**Problem to solve**
Somewhere below is a line with "theory Defs" and, later, a line with "nat) \<Rightarrow> (nat \<Rightarrow>"; repeat those two lines and all the lines between them, exactly as they are.

**The records**
(* Fix a constant $c\ge 10$. Consider the random pairwise load balancing process on $n\ge2$ nodes with arbitrary initial load vector $\ell(0)\in\mathbb{N}_0^n$. Let $T_2$ be the first time step $t\ge T_1$ such that $\max_{1\le i\le n}\ell_i(t)\le \varnothing+2c$ and $\min_{1\le i\le n}\ell_i(t)\ge \varnothing-2c$. Then with high probability (probability $1-O(1/n)$), $T_2 = T_1+O(n\log n)$, where the constant in $O(\cdot)$ depends only on $c$.
   Context: Random pairwise load balancing process: $n$ nodes, $m$ tokens, load vector $\ell(t)\in\mathbb{Z}^n$. In each time step $t$, independently, an ordered pair $(u,v)$ of distinct nodes is chosen uniformly at random and loads become $\ell_u(t+1)=\lceil(\ell_u(t)+\ell_v(t))/2\rceil$, $\ell_v(t+1)=\lfloor(\ell_u(t)+\ell_v(t))/2\rfloor$. Average load $\varnothing=m/n$; potential $\Phi(\ell)=\sum_i(\ell_i-\varnothing)^2$; $T_1$ is the first time $t$ with $\Phi(\ell(t))<n$. *)

theory Defs
  imports "HOL-Probability.Probability"
begin

text \<open>Nodes are 0,...,n-1. A load vector is a function nat => nat (only the values
at indices below n matter). Ordered pairs of distinct nodes:\<close>

definition node_pairs :: "nat \<Rightarrow> (nat \<times> nat) set" where
  "node_pairs n = {(u, v). u < n \<and> v < n \<and> u \<noteq> v}"

definition pair_stream_space :: "nat \<Rightarrow> (nat \<times> nat) stream measure" where
  "pair_stream_space n = stream_space (measure_pmf (pmf_of_set (node_pairs n)))"

definition balance_step :: "nat \<times> nat \<Rightarrow> (nat \<Rightarrow> nat) \<Rightarrow> (nat \<Rightarrow> nat)" where
  "balance_step p l = (let (u, v) = p; s = l u + l v in
      (l(u := nat \<lceil>real s / 2\<rceil>))(v := nat \<lfloor>real s / 2\<rfloor>))"

primrec load :: "(nat \<Rightarrow> nat) \<Rightarrow> (nat \<times> nat) stream \<Rightarrow> nat \<Rightarrow> (nat \<Rightarrow> nat)" where
  "load l0 \<omega> 0 = l0"
| "load l0 \<omega> (Suc t) = balance_step (\<omega> !! t) (load l0 \<omega> t)"

definition avg_load :: "nat \<Rightarrow> (nat \<Rightarrow> nat) \<Rightarrow> real" where
  "avg_load n l0 = real (\<Sum>i<n. l0 i) / real n"

definition potential :: "nat \<Rightarrow> real \<Rightarrow> (nat \<Rightarrow> nat) \<Rightarrow> real" where
  "potential n a l = (\<Sum>i<n. (real (l i) - a)\<^sup>2)"

text \<open>T1: first t with potential < n (meaningful only when such t exists).\<close>
definition T1 :: "nat \<Rightarrow> (nat \<Rightarrow> nat) \<Rightarrow> (nat \<times> nat) stream \<Rightarrow> nat" where
  "T1 n l0 \<omega> = (LEAST t. potential n (avg_load n l0) (load l0 \<omega> t) < real n)"

definition balanced_within :: "nat \<Rightarrow> real \<Rightarrow> real \<Rightarrow> (nat \<Rightarrow> nat) \<Rightarrow> bool" where
  "balanced_within n a d l \<longleftrightarrow> (\<forall>i<n. real (l i) \<le> a + d \<and> real (l i) \<ge> a - d)"

definition T2 :: "real \<Rightarrow> nat \<Rightarrow> (nat \<Rightarrow> nat) \<Rightarrow> (nat \<times> nat) stream \<Rightarrow> nat" where
  "T2 c n l0 \<omega> = (LEAST t. T1 n l0 \<omega> \<le> t \<and>
       balanced_within n (avg_load n l0) (2 * c) (load l0 \<omega> t))"

end

theory Submission
  imports Defs
begin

**Written solution**
theory Defs
  imports "HOL-Probability.Probability"
begin

text \<open>Nodes are 0,...,n-1. A load vector is a function nat => nat (only the values
at indices below n matter). Ordered pairs of distinct nodes:\<close>

definition node_pairs :: "nat \<Rightarrow> (nat \<times> nat) set" where
  "node_pairs n = {(u, v). u < n \<and> v < n \<and> u \<noteq> v}"

definition pair_stream_space :: "nat \<Rightarrow> (nat \<times> nat) stream measure" where
  "pair_stream_space n = stream_space (measure_pmf (pmf_of_set (node_pairs n)))"

definition balance_step :: "nat \<times> nat \<Rightarrow> (nat \<Rightarrow> nat) \<Rightarrow> (nat \<Rightarrow> nat)" where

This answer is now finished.